I first started blogging about civility in 2017.  Ever since, it’s been a frequent topic.  Still, I find those early posts interesting, if only from the perspective of how my thoughts on civility evolved. 

In February 2017, I posted President’s Day & CivilityMy first post that includes “civility” in the headline, it includes no original thought.  Rather, I used the occasion to share then-ABA President Linda Klein’s message on the role that lawyers can play in promoting civil discourse. President Klein wrote:

  • “As leaders in society, lawyers must ensure that civility once again becomes a quality that defines us. We need to set the tone for constructive communication and rational decision-making. It starts with us and every individual committing to a more civil manner, insisting that civility be a part of meetings and interactions. Indeed, we need to hold ourselves and our leaders to a higher standard.”
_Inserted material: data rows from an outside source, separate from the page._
(* Let $R[x,y]$ be a relation with $n$ tuples whose vectors $(x,y)$ have $\ell_2$ norm at most $B$. Let $\widehat{E[X]}=\frac1n\sum_{t\in R}t[x]$, $\widehat{E[X^2]}=\frac1n\sum_{t\in R}t[x]^2$, $\widehat{\sigma^2_x}=\widehat{E[X^2]}-\widehat{E[X]}^2$, and let $\widetilde{E[X]}=\widehat{E[X]}+e_1$, $\widetilde{E[X^2]}=\widehat{E[X^2]}+e_2$ with $e_1,e_2\sim\mathcal N(0,\sigma^2/n^2)$, where $\sigma=\sqrt{2\ln(1.25/\delta)}\,\Delta/\epsilon$ with $\Delta=O(B^2)$, and $\widetilde{\sigma^2_x}=\widetilde{E[X^2]}-\widetilde{E[X]}^2$. Then, in the asymptotic regime $n,B\to\infty$ and $\epsilon,\delta,p\to0$, with probability at least $1-p$, $$|\widehat{\sigma^2_x}-\widetilde{\sigma^2_x}|=O\!\left(\frac{B^4\ln(1/\delta)\ln(1/p)}{\epsilon^2 n}\right).$$
   Context: Here $e_1,e_2$ are the Gaussian noises added (after normalization by $n$) to the aggregated monomials $\sum x$ and $\sum x^2$ by a Gaussian mechanism with sensitivity $\Delta$; the probability is over this noise, and $\epsilon,\delta\in(0,1]$. *)

theory Defs
  imports "HOL-Probability.Probability"
begin

text \<open>A relation R[x,y] with n tuples is a list of pairs (x,y) of length n.\<close>

definition mean_x :: "(real \<times> real) list \<Rightarrow> real" where
  "mean_x R = (\<Sum>t\<leftarrow>R. fst t) / real (length R)"

definition sqmean_x :: "(real \<times> real) list \<Rightarrow> real" where
  "sqmean_x R = (\<Sum>t\<leftarrow>R. (fst t)\<^sup>2) / real (length R)"

definition var_hat :: "(real \<times> real) list \<Rightarrow> real" where
  "var_hat R = sqmean_x R - (mean_x R)\<^sup>2"

definition var_tilde :: "(real \<times> real) list \<Rightarrow> real \<Rightarrow> real \<Rightarrow> real" where
  "var_tilde R e1 e2 = (sqmean_x R + e2) - (mean_x R + e1)\<^sup>2"

definition gauss_sigma :: "real \<Rightarrow> real \<Rightarrow> real \<Rightarrow> real" where
  "gauss_sigma eps delta Delta = sqrt (2 * ln (1.25 / delta)) * Delta / eps"

end

theory Submission
  imports Defs
begin

text \<open>
  The error of the noisy variance is var_hat - var_tilde = 2 m e1 + e1^2 - e2, where m is the
  empirical mean; as |m| \<le> B, it is at most 2 B t + t^2 + t once both noises are at most t in
  absolute value. For a centred Gaussian of variance \<sigma>^2 the 2k-th moment is at most
  (k \<sigma>^2)^k, so Markov's inequality gives P(|e| \<ge> t) \<le> (k \<sigma>^2 / t^2)^k; taking
  k = ceil(ln(1/p)) and t^2 of order \<sigma>^2 ln(1/p) makes each tail at most p/2.
  The Gaussian mechanism has \<sigma>^2 = O(B^4 ln(1/\<delta>) / (\<epsilon>^2 n^2)), hence
  t = O(B^2 sqrt(ln(1/\<delta>) ln(1/p)) / (\<epsilon> n)); since B, n, 1/\<epsilon>, ln(1/\<delta>) and ln(1/p)
  are all at least 1, each of 2 B t, t^2 and t is O(B^4 ln(1/\<delta>) ln(1/p) / (\<epsilon>^2 n)).
\<close>

lemma fact_double_le: "(fact (2 * k) :: real) \<le> fact k * (2 * real k) ^ k"
proof -
  have "fact k dvd (fact (2 * k) :: nat)"
    by (rule fact_dvd) simp
  then have "(fact (2 * k) :: nat) = fact k * (fact (2 * k) div fact k)"
    by simp
  also have "fact (2 * k) div fact k \<le> (2 * k) ^ k"
    using fact_div_fact_le_pow[of k "2 * k"] by simp
  then have "fact k * (fact (2 * k) div fact k) \<le> fact k * (2 * k) ^ k"
    by simp
  finally have "real (fact (2 * k)) \<le> real (fact k * (2 * k) ^ k)"
    by linarith
  then show ?thesis
    by (simp add: of_nat_fact)
qed

lemma normal_even_moment_bound:
  assumes "distributed M lborel X (normal_density \<mu> \<sigma>)" and "0 < \<sigma>"
  shows "integrable M (\<lambda>\<omega>. (X \<omega> - \<mu>) ^ (2 * k))"
    and "(\<integral>\<omega>. (X \<omega> - \<mu>) ^ (2 * k) \<partial>M) \<le> (real k * \<sigma>\<^sup>2) ^ k"
proof -
  show "integrable M (\<lambda>\<omega>. (X \<omega> - \<mu>) ^ (2 * k))"
    using distributed_integrable[OF assms(1), of "\<lambda>x. (x - \<mu>) ^ (2 * k)"]
      integrable_normal_moment[OF assms(2), of \<mu> "2 * k"] by simp
  have "(\<integral>\<omega>. (X \<omega> - \<mu>) ^ (2 * k) \<partial>M) = fact (2 * k) / ((2 / \<sigma>\<^sup>2) ^ k * fact k)"
    using distributed_integral[OF assms(1), of "\<lambda>x. (x - \<mu>) ^ (2 * k)"]
      integral_normal_moment_even[OF assms(2), of \<mu> k] by simp
  also have "\<dots> \<le> fact k * (2 * real k) ^ k / ((2 / \<sigma>\<^sup>2) ^ k * fact k)"
    using fact_double_le[of k] assms(2) by (intro divide_right_mono) auto
  also have "\<dots> = (real k * \<sigma>\<^sup>2) ^ k"
    using assms(2) by (simp add: field_simps)
  finally show "(\<integral>\<omega>. (X \<omega> - \<mu>) ^ (2 * k) \<partial>M) \<le> (real k * \<sigma>\<^sup>2) ^ k" .
qed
Later that year, W.I.N. Your 3-Feet of Influence marked the first post in which I urged lawyers to practice civility.[1] The post doesn’t include a single reference or citation to the Rules of Professional Conduct.  Rather, echoing President Klein and using a prop from my coaching days, I wrote:

  • “What’s Important Now?  That in the next interaction I have with someone, I’m going to commit to a civil, honest, respectful communication – – regardless of how that person treats me.  I can’t control how that person acts, but I can control how I react.”

Finally, 2017’s civility posts concluded with Don’t Be a JerkThe post was the first in my series on the 50 Original Rules and the first in which I attempted to argue that, in fact, civility has long been one of our professional obligations. 
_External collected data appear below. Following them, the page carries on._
(* For every $k\ge0$ and $\delta\in\mathbb{R}$, the operator $X:\mathcal{S}^k_\delta\to\mathcal{S}^{k+1}_{\delta+\frac1{n+1}}$ commutes with the action of the Lie algebra $sp(2n+2)$, i.e. $X\circ L_Z=L_Z\circ X$ for all $Z\in sp(2n+2)$. It does not commute with the action of $\mathcal{C}(\mathbb{R}^{2n+1})$ unless $k=0$ (for $k\ge1$ there is $Z\in\mathcal{C}(\mathbb{R}^{2n+1})$, e.g. the contact vector field associated with the function $(q^1)^3$, with $X\circ L_Z\neq L_Z\circ X$).
   Context: Let $n\ge1$, $M=\mathbb{R}^{2n+1}$ with coordinates $x=(q^1,\dots,q^n,p^1,\dots,p^n,t)$ and contact form $\alpha=\frac12\big(\sum_{i=1}^n(p^idq^i-q^idp^i)-dt\big)$. $\mathcal{C}(M)=\{Z\in\mathrm{Vect}(M):L_Z\alpha=f_Z\alpha\text{ for some smooth }f_Z\}$. The projective algebra $sl(2n+2)\subset\mathrm{Vect}(M)$ is spanned by constant vector fields, linear vector fields, and the quadratic fields $\eta(x)\mathcal{E}$ with $\eta$ a linear form and $\mathcal{E}=\sum_jx^j\partial_{x^j}$ the Euler field; $sp(2n+2):=\mathcal{C}(M)\cap sl(2n+2)$. For $\delta\in\mathbb{R}$, $\mathcal{S}^k_\delta$ is the space of smooth symmetric contravariant $k$-tensor fields with coefficients in $\delta$-densities, identified with smooth functions $S(x,\xi)$ homogeneous polynomial of degree $k$ in $\xi=(\xi_{q^1},\dots,\xi_{q^n},\xi_{p^1},\dots,\xi_{p^n},\xi_t)$; a vector field $Y=\sum_jY^j\partial_{x^j}$ acts by $L_YS=\sum_jY^j\partial_{x^j}S+\delta(\sum_j\partial_{x^j}Y^j)S-\sum_{j,l}(\partial_{x^l}Y^j)\xi_j\partial_{\xi_l}S$. Let $E_s=\sum_i(p^i\partial_{p^i}+q^i\partial_{q^i})$, $\langle E_s,\xi\rangle=\sum_i(p^i\xi_{p^i}+q^i\xi_{q^i})$, $D(S)=\sum_i(\xi_{q^i}\partial_{p^i}S-\xi_{p^i}\partial_{q^i}S)+\xi_tE_s(S)-\langle E_s,\xi\rangle\partial_tS$. The Hamiltonian operator is $X(S)=D(S)+a(k,\delta)\xi_tS$ for $S\in\mathcal{S}^k_\delta$, with $a(k,\delta)=2(n+1)\delta-k$. The contact vector field associated with a function $f$ is $X(f)$ for $f$ viewed as a $-\frac1{n+1}$-density (i.e. the $k=0$, $\delta=-\frac1{n+1}$ case of $X$, read as a vector field via $\xi$-linearity). *)

theory Defs
  imports "HOL-Analysis.Analysis"
begin

text \<open>Coordinates of M = R^(2n+1): the index type is 'n + ('n + unit), where
  CARD('n) = n; Inl i is q^i, Inr (Inl i) is p^i, Inr (Inr ()) is t.\<close>

type_synonym 'n idx = "'n + 'n + unit"

definition qc :: "'n \<Rightarrow> 'n idx" where "qc i = Inl i"
definition pc :: "'n \<Rightarrow> 'n idx" where "pc i = Inr (Inl i)"
definition tc :: "'n idx" where "tc = Inr (Inr ())"

definition pd :: "'i::finite \<Rightarrow> (real^'i \<Rightarrow> real) \<Rightarrow> real^'i \<Rightarrow> real" where
  "pd j F x = deriv (\<lambda>s. F (x + s *\<^sub>R axis j 1)) 0"

definition iter_pd :: "'i::finite list \<Rightarrow> (real^'i \<Rightarrow> real) \<Rightarrow> real^'i \<Rightarrow> real" where
  "iter_pd js F = foldr pd js F"

definition smooth_fun :: "(real^'i::finite \<Rightarrow> real) \<Rightarrow> bool" where
  "smooth_fun F \<longleftrightarrow> (\<forall>js x. iter_pd js F differentiable (at x))"

definition smooth_vf :: "(real^'i::finite \<Rightarrow> real^'i) \<Rightarrow> bool" where
  "smooth_vf Y \<longleftrightarrow> (\<forall>j. smooth_fun (\<lambda>x. Y x $ j))"

fun hom_poly :: "nat \<Rightarrow> (real^'i::finite \<Rightarrow> real) \<Rightarrow> bool" where
  "hom_poly 0 f \<longleftrightarrow> (\<exists>c. f = (\<lambda>\<xi>. c))"
| "hom_poly (Suc k) f \<longleftrightarrow>
     (\<exists>g. (\<forall>j. hom_poly k (g j)) \<and> f = (\<lambda>\<xi>. \<Sum>j\<in>UNIV. \<xi> $ j * g j \<xi>))"

text \<open>Elements of S^k_delta (as functions S x xi); the density weight only enters the action.\<close>
definition symbol :: "nat \<Rightarrow> (real^'i::finite \<Rightarrow> real^'i \<Rightarrow> real) \<Rightarrow> bool" where
  "symbol k S \<longleftrightarrow> (\<forall>\<xi>. smooth_fun (\<lambda>x. S x \<xi>)) \<and> (\<forall>x. hom_poly k (S x))"

definition Lder :: "real \<Rightarrow> (real^'i::finite \<Rightarrow> real^'i) \<Rightarrow> (real^'i \<Rightarrow> real^'i \<Rightarrow> real)
    \<Rightarrow> real^'i \<Rightarrow> real^'i \<Rightarrow> real" where
  "Lder \<delta> Y S x \<xi> =
     (\<Sum>j\<in>UNIV. Y x $ j * pd j (\<lambda>y. S y \<xi>) x)
     + \<delta> * (\<Sum>j\<in>UNIV. pd j (\<lambda>y. Y y $ j) x) * S x \<xi>
     - (\<Sum>j\<in>UNIV. \<Sum>l\<in>UNIV. pd l (\<lambda>y. Y y $ j) x * \<xi> $ j * pd l (S x) \<xi>)"

definition alpha :: "real^('n::finite idx) \<Rightarrow> 'n idx \<Rightarrow> real" where
  "alpha x l = (case l of Inl i \<Rightarrow> x $ pc i / 2
                        | Inr (Inl i) \<Rightarrow> - (x $ qc i) / 2
                        | Inr (Inr _) \<Rightarrow> - 1 / 2)"

definition Lie_form :: "(real^'i::finite \<Rightarrow> real^'i) \<Rightarrow> (real^'i \<Rightarrow> 'i \<Rightarrow> real)
    \<Rightarrow> real^'i \<Rightarrow> 'i \<Rightarrow> real" where
  "Lie_form Z a x l = (\<Sum>j\<in>UNIV. Z x $ j * pd j (\<lambda>y. a y l) x)
                      + (\<Sum>j\<in>UNIV. a x j * pd l (\<lambda>y. Z y $ j) x)"

definition contact_vf :: "(real^('n::finite idx) \<Rightarrow> real^('n idx)) \<Rightarrow> bool" where
  "contact_vf Z \<longleftrightarrow> smooth_vf Z \<and>
     (\<exists>f. smooth_fun f \<and> (\<forall>x l. Lie_form Z alpha x l = f x * alpha x l))"

text \<open>sl(2n+2): span of constant, linear and quadratic fields eta(x) E.\<close>
definition sl_vf :: "(real^'i::finite \<Rightarrow> real^'i) \<Rightarrow> bool" where
  "sl_vf Z \<longleftrightarrow> (\<exists>(c::real^'i) (A::real^'i^'i) (\<eta>::real^'i).
      \<forall>x. Z x = c + A *v x + (\<eta> \<bullet> x) *\<^sub>R x)"

definition sp_vf :: "(real^('n::finite idx) \<Rightarrow> real^('n idx)) \<Rightarrow> bool" where
  "sp_vf Z \<longleftrightarrow> contact_vf Z \<and> sl_vf Z"

definition Dop :: "(real^('n::finite idx) \<Rightarrow> real^('n idx) \<Rightarrow> real)
    \<Rightarrow> real^('n idx) \<Rightarrow> real^('n idx) \<Rightarrow> real" where
  "Dop S x \<xi> =
     (\<Sum>i\<in>UNIV. \<xi> $ qc i * pd (pc i) (\<lambda>y. S y \<xi>) x - \<xi> $ pc i * pd (qc i) (\<lambda>y. S y \<xi>) x)
     + \<xi> $ tc * (\<Sum>i\<in>UNIV. x $ pc i * pd (pc i) (\<lambda>y. S y \<xi>) x
                            + x $ qc i * pd (qc i) (\<lambda>y. S y \<xi>) x)
     - (\<Sum>i\<in>UNIV. x $ pc i * \<xi> $ pc i + x $ qc i * \<xi> $ qc i) * pd tc (\<lambda>y. S y \<xi>) x"

definition Xop :: "nat \<Rightarrow> real \<Rightarrow> (real^('n::finite idx) \<Rightarrow> real^('n idx) \<Rightarrow> real)
    \<Rightarrow> real^('n idx) \<Rightarrow> real^('n idx) \<Rightarrow> real" where
  "Xop k \<delta> S x \<xi> = Dop S x \<xi> + (2 * (real CARD('n) + 1) * \<delta> - real k) * \<xi> $ tc * S x \<xi>"

text \<open>Contact vector field of a function f: X(f) for f a -1/(n+1)-density, read off by
  xi-linearity.\<close>
definition cvf :: "(real^('n::finite idx) \<Rightarrow> real) \<Rightarrow> real^('n idx) \<Rightarrow> real^('n idx)" where
  "cvf f x = (\<chi> j. Xop 0 (- 1 / (real CARD('n) + 1)) (\<lambda>y \<xi>. f y) x (axis j 1))"

end

theory Submission
  imports Defs "HOL-Computational_Algebra.Polynomial"
begin

text \<open>Every contact vector field is the field \<open>X(g)\<close> of its contact Hamiltonian
  \<open>g = \<alpha>(Z)\<close>. Write \<open>D = \<Sum>\<^sub>j Y\<^sup>j(x,\<xi>) \<partial>\<^sub>j\<close>, where \<open>Y\<close> is linear in \<open>\<xi>\<close>, affine in \<open>x\<close>
  and orthogonal to \<open>\<xi>\<close>. A direct computation, in which all terms with at most two
  derivatives of \<open>g\<close> cancel, gives
  \<open>X(L\<^sub>Z S) - L\<^sub>Z(X S) = - \<Sum>\<^sub>l (\<Sum>\<^sub>m\<^sub>,\<^sub>r Y\<^sup>m Y\<^sup>r \<partial>\<^sub>m \<partial>\<^sub>l \<partial>\<^sub>r g) \<partial>S/\<partial>\<xi>\<^sub>l\<close>.
  For \<open>Z \<in> sp(2n+2)\<close> the Hamiltonian \<open>\<alpha>(Z)\<close> is a polynomial of degree at most 2, and
  for \<open>k = 0\<close> the symbol does not depend on \<open>\<xi>\<close>; in both cases the right-hand side
  vanishes. For \<open>g = (q\<^sup>i)\<^sup>3\<close> and \<open>S = \<xi>\<^sub>q\<^sub>i\<^sup>k\<close> it equals \<open>-6k\<close> at \<open>x = 0\<close>,
  \<open>\<xi> = dq\<^sup>i + dp\<^sup>i\<close>.\<close>

lemma sum_idx:
  fixes f :: "'n::finite idx \<Rightarrow> 'a::comm_monoid_add"
  shows "(\<Sum>j\<in>UNIV. f j) = (\<Sum>i\<in>UNIV. f (qc i)) + (\<Sum>i\<in>UNIV. f (pc i)) + f tc"
proof -
  have "(\<Sum>j\<in>UNIV. f j) = (\<Sum>i\<in>UNIV. f (Inl i)) + (\<Sum>j\<in>(UNIV::('n + unit) set). f (Inr j))"
    by (simp flip: UNIV_Plus_UNIV add: sum.Plus)
  also have "(\<Sum>j\<in>(UNIV::('n + unit) set). f (Inr j)) = (\<Sum>i\<in>UNIV. f (Inr (Inl i))) + f tc"
    by (simp flip: UNIV_Plus_UNIV add: sum.Plus UNIV_unit tc_def)
  finally show ?thesis by (simp add: qc_def pc_def add.assoc)
qed

lemma idx_cases:
  obtains i where "j = qc i" | i where "j = pc i" | "j = tc"
  unfolding qc_def pc_def tc_def by (metis (full_types) old.unit.exhaust sum.exhaust)

lemma idx_distinct [simp]:
  "qc i \<noteq> pc i'" "pc i \<noteq> qc i'" "qc i \<noteq> tc" "tc \<noteq> qc i" "pc i \<noteq> tc" "tc \<noteq> pc i"
  "qc i = qc i' \<longleftrightarrow> i = i'" "pc i = pc i' \<longleftrightarrow> i = i'"
  by (auto simp: qc_def pc_def tc_def)

lemma sum_if_eq_mult [simp]: "(\<Sum>r\<in>UNIV. (if r = a then c else 0) * f r) = (c::real) * f (a::'a::finite)"
  by (subst sum.remove[of UNIV a]) auto

lemma sum_mult_if_eq [simp]: "(\<Sum>r\<in>UNIV. f r * (if r = a then c else 0)) = f (a::'a::finite) * (c::real)"
  by (subst sum.remove[of UNIV a]) auto

lemma mult_if_zero [simp]:
  "x * (if P then c else 0) = (if P then x * c else (0::real))"
  "(if P then c else 0) * x = (if P then c * x else (0::real))"
  by auto

lemma sum_mult_sum_swap:
  fixes f :: "'a \<Rightarrow> real"
  shows "(\<Sum>m\<in>A. f m * (\<Sum>j\<in>B. g m j)) = (\<Sum>j\<in>B. \<Sum>m\<in>A. f m * g m j)"
  by (simp add: sum_distrib_left) (rule sum.swap)

lemma sum_cmult_inner: "(\<Sum>m\<in>A. f m * (c * g m)) = (c::real) * (\<Sum>m\<in>A. f m * g m)"
  by (simp add: sum_distrib_left algebra_simps)

lemma antisym_sym_contraction_eq_0:
  fixes A M :: "'a::finite \<Rightarrow> 'a \<Rightarrow> real"
  assumes "\<And>m l. A m l = - A l m" "\<And>m l. M m l = M l m"
  shows "(\<Sum>m\<in>UNIV. \<Sum>l\<in>UNIV. A m l * M m l) = 0"
proof -
  have "(\<Sum>m\<in>UNIV. \<Sum>l\<in>UNIV. A m l * M m l) = (\<Sum>l\<in>UNIV. \<Sum>m\<in>UNIV. A m l * M m l)"
    by (rule sum.swap)
  also have "\<dots> = (\<Sum>l\<in>UNIV. \<Sum>m\<in>UNIV. - (A l m * M l m))"
    by (intro sum.cong refl) (subst assms(1), subst assms(2), simp)
  also have "\<dots> = - (\<Sum>m\<in>UNIV. \<Sum>l\<in>UNIV. A m l * M m l)"
    by (simp add: sum_negf)
  finally show ?thesis by linarith
qed

definition pd_differentiable :: "'i::finite \<Rightarrow> (real^'i \<Rightarrow> real) \<Rightarrow> real^'i \<Rightarrow> bool" where
  "pd_differentiable j F x \<longleftrightarrow> (\<lambda>s. F (x + s *\<^sub>R axis j 1)) field_differentiable (at 0)"

lemma pd_add:
  "pd_differentiable j F x \<Longrightarrow> pd_differentiable j G x \<Longrightarrow>
     pd j (\<lambda>y. F y + G y) x = pd j F x + pd j G x"
  unfolding pd_differentiable_def pd_def by simp

lemma pd_diff:
  "pd_differentiable j F x \<Longrightarrow> pd_differentiable j G x \<Longrightarrow>
     pd j (\<lambda>y. F y - G y) x = pd j F x - pd j G x"
  unfolding pd_differentiable_def pd_def by simp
As the years have gone by, I’ve continued to address civility & professionalism both in this space and at seminars.  I’m not the only one. As I wrote here, at the 2021 swearing-in ceremony, Justice Eaton’s remarks to Vermont’s newest lawyers focused on civility and included this statement:

  • “I would ask you to remember that incivility is not advocacy, nor is it effective lawyering.”

Similarly, at the same ceremony in 2022, Chief Justice Reiber celebrated new lawyers’ taking of the oath with a speech “about ethics and civility as both are wrapped in professional judgment and character.” Early in his address, the Chief noted:

  • “Let there be no doubt the notion of zealous advocacy is alive and well in the courts.  But does it excuse us as practicing lawyers from exercising common sense and moral judgment, obligations to non-clients?”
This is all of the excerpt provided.